NIST cybersecurity center moves into high gear
Donna Dodson, who heads the center, describes its mission, priorities and strategy.
Donna Dodson heads the National Institute of Standards and Technology's National Cybersecurity Center of Excellence.
For more than 150 years, the National Institute of Standards and Technology has toiled in the background of federal operations, carrying out the nation's business of science ranging, as its website points out, from nanotechnology to skyscrapers and jetliners. Today, that tradition endures, but one key mission is raising the agency's profile: cybersecurity.
In his February executive order on cybersecurity, President Barack Obama directed NIST to create a framework that would help government and the private sector better protect networks and information. The latest legislation on cybersecurity also focuses on NIST and its role as a leader in securing U.S. assets in cyberspace.
To support a mission that is certain to grow in scope and significance, the agency last year launched its National Cybersecurity Center of Excellence (NCCOE). Based near NIST's Gaithersburg, Md., headquarters, the center started off as a concept but over the last year has grown into a hive of activity. With the help of the center and its personnel, NIST will release an initial cybersecurity framework in October.
Donna Dodson, division chief of NIST's computer security division and acting executive director of the NCCOE, recently sat down with FCW's Amber Corrin to talk about the center, its work and what she hopes to accomplish.
FCW: What exactly is the NCCOE, and what are you doing there?
Donna Dodson: The purpose of the center is to help with the broad adoption of cybersecurity tools and technologies that are currently available, to get them in use and get people understanding how to use them throughout the lifecycle.
We have good technologies available today from the commercial side. How do we maximize the capabilities that are there, and where do we need innovation to grow to meet the demands where the technology isn't up to where it should be? That's really the heart and soul of what we're trying to do.
FCW: How does the NCCOE support provisions in President Obama's executive order, which focuses heavily on public-private partnership?
DD: The foundation of the center has been on a public-private partnership. That is at the core of what we're doing, so we have the IT industry coming in as long-term partners with us so that we're using technologies and capabilities that you can go out and purchase, that are built on those standards, best practices and use cases. It's about working with different communities like utilities, financial, manufacturing, health care, transportation and the federal government.

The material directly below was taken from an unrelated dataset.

(* Let $Z:\mathrm{dom}Z\subseteq\mathfrak H_{-,+}\to\mathfrak H_{+,-}$ be an arbitrary linear operator and let $V$ be a linear homeomorphism from $\mathfrak H$ onto $\mathfrak H_{-,+}$. The following are equivalent: (i) $M_{\mathrm{Gr}(-\mathrm iZ)}$ is m-dissipative; (ii) $Z$ is maximal accretive and closed; (iii) $V^\#ZV$ is m-accretive in $\mathfrak H$.
   Context: $A$ closed densely defined symmetric in Hilbert space $\mathfrak X$; $S$ bounded uniformly positive selfadjoint in $\mathfrak X\oplus\mathfrak X$; $\mathfrak X^{2,S}$ is $\mathfrak X\oplus\mathfrak X$ with inner product $(S\cdot|\cdot)$; $M^*\{\psi_1,\psi_2\}=S^{-1}\{\mathrm iA^*\psi_2,-\mathrm iA^*\psi_1\}$ on $(\mathrm{dom}A^* )^2$ (adjoint of $M$, same formula with $A$ on $(\mathrm{dom}A)^2$). Mixed-order duality: Hilbert spaces $\mathfrak H,\mathfrak H_{-,+},\mathfrak H_{+,-}$ with $\widetilde{\mathfrak H}_{\mp,\pm}:=\mathfrak H\cap\mathfrak H_{\mp,\pm}$ dense in $\mathfrak H$ and in $\mathfrak H_{\mp,\pm}$, forms $\|h\|^2_{\mathfrak H_{\mp,\pm}}$ on $\widetilde{\mathfrak H}_{\mp,\pm}$ closed in $\mathfrak H$, and $\|h\|_{\mathfrak H_{\pm,\mp}}=\sup_{0\ne g\in\widetilde{\mathfrak H}_{\mp,\pm}}|(g|h)_{\mathfrak H}|/\|g\|_{\mathfrak H_{\mp,\pm}}$ for $h\in\widetilde{\mathfrak H}_{\pm,\mp}$; $\langle\cdot|\cdot\rangle_{\mathfrak H}$ the unique bounded sesquilinear extension of $(\cdot|\cdot)_{\mathfrak H}$ to $\mathfrak H_{-,+}\times\mathfrak H_{+,-}$, with $\langle h_{+,-}|h_{-,+}\rangle_{\mathfrak H}:=\overline{\langle h_{-,+}|h_{+,-}\rangle_{\mathfrak H}}$. Fix a reduction tuple $(\mathfrak H_{-,+},\mathfrak H,G,W)$ for $A^*$ ($G:\mathrm{dom}A^*\to\mathfrak H_{-,+}$ linear surjective, $W:\mathfrak H_{-,+}\to\mathfrak H_{+,-}$ linear homeomorphism, $(A^*f|g)_{\mathfrak X}-(f|A^*g)_{\mathfrak X}=\langle Gf|WGg\rangle_{\mathfrak H}$), and set $\Gamma_0\psi=G\psi_2$, $\Gamma_1\psi=\mathrm iWG\psi_1$. $M_{\mathrm{Gr}(-\mathrm iZ)}$ is the restriction of $M^*$ to $\{\psi:\Gamma_0\psi\in\mathrm{dom}Z,\ \mathrm iZ\Gamma_0\psi+\Gamma_1\psi=0\}$. $Z$ is accretive if $\mathrm{Re}\langle Zh|h\rangle_{\mathfrak H}\ge0$ for $h\in\mathrm{dom}Z$, maximal accretive if it has no proper accretive operator extension, closed if its graph is closed in $\mathfrak H_{-,+}\oplus\mathfrak H_{+,-}$. $V^\#:\mathfrak H_{+,-}\to\mathfrak H$ is defined by $\langle Vf|g\rangle_{\mathfrak H}=(f|V^\#g)_{\mathfrak H}$ ($f\in\mathfrak H$, $g\in\mathfrak H_{+,-}$). m-dissipative: upper half-plane in resolvent set with $\|(T-\lambda)^{-1}\|\le(\mathrm{Im}\lambda)^{-1}$; m-accretive: $(-\mathrm i)T$ m-dissipative. *)

theory Defs
  imports "HOL-Analysis.Analysis"
begin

It's also important to have that conversation with not just cybersecurity practitioners – starting with the business requirements first and then working your way into the cybersecurity platform. You have to understand what the business environments are like and you have to think about the information, the environment and the users in order to build out cybersecurity in a meaningful way.
FCW: So it seems like the Center of Excellence is a clearinghouse for all these different communities to come together and explain what they need.
DD: Yes, and to work with them on these business requirements and work with the community as a whole to complete blueprints. Then they can go back and work with their CIO shop, or perhaps they're working with some integrators, and say, "Here's a blueprint of the things that we need to do. Help us in our own environment."
FCW: Where does the COE fit in with the creation of a cybersecurity framework?
DD: Being able to work with the critical infrastructure communities and working together at building this out is one way to meet requirements laid out in that framework.
I can easily envision as the framework solidifies, the NCCOE being able to work with the build-out of functions and categories, based on standards, with different critical infrastructure communities. Also, as we see additional gap areas, being able to work with them on those gaps, understanding what they are and what the requirements look like. Then that gets fed back into NIST and the standards bodies.
So you can see an evolution of standards and best practices that drives the center. Then the center identifies where we need more work, and that drives back the standards and best practices we need on a national and international basis.
FCW: Cyber workforce has been a big issue – both in the executive order and in subsequent directives. For example, agencies have been directed to take stock of their in-house capabilities. What kind of role does the COE play in the workforce aspect?
DD: I think as you're working from business requirements down to cybersecurity platforms, you begin to understand the lifecycle of that platform, what you need to build and maintain it, what your users need to be doing. So it informs the workforce and helps validate the types of competencies that they've identified, and how well they fit in the technology space.
We work with the business owners who are working to meet different legal and policy challenges as they put this into play. So understanding those challenges from a workforce perspective and management perspective is equally as important as the bits and bytes folks. NIST spends more time with the bits and bytes folks ... but we're working to bring in more students into the center so we can take advantage of their expertise and capabilities, and they can learn more about cybersecurity from that practical perspective and what it means to build it out.
Those kinds of students can range: the engineers and computer scientists, but also sociologists and cognitive scientists that help us understand how we interact with technology. The end user aspect can't be underplayed in addressing our cybersecurity challenges. You have to provide tools and techniques that make it easy to do the right thing and hard to do the wrong thing.
The center, NIST's National Initiative for Cybersecurity Education and the executive order all come together to create that culture of cybersecurity that we need in organizations.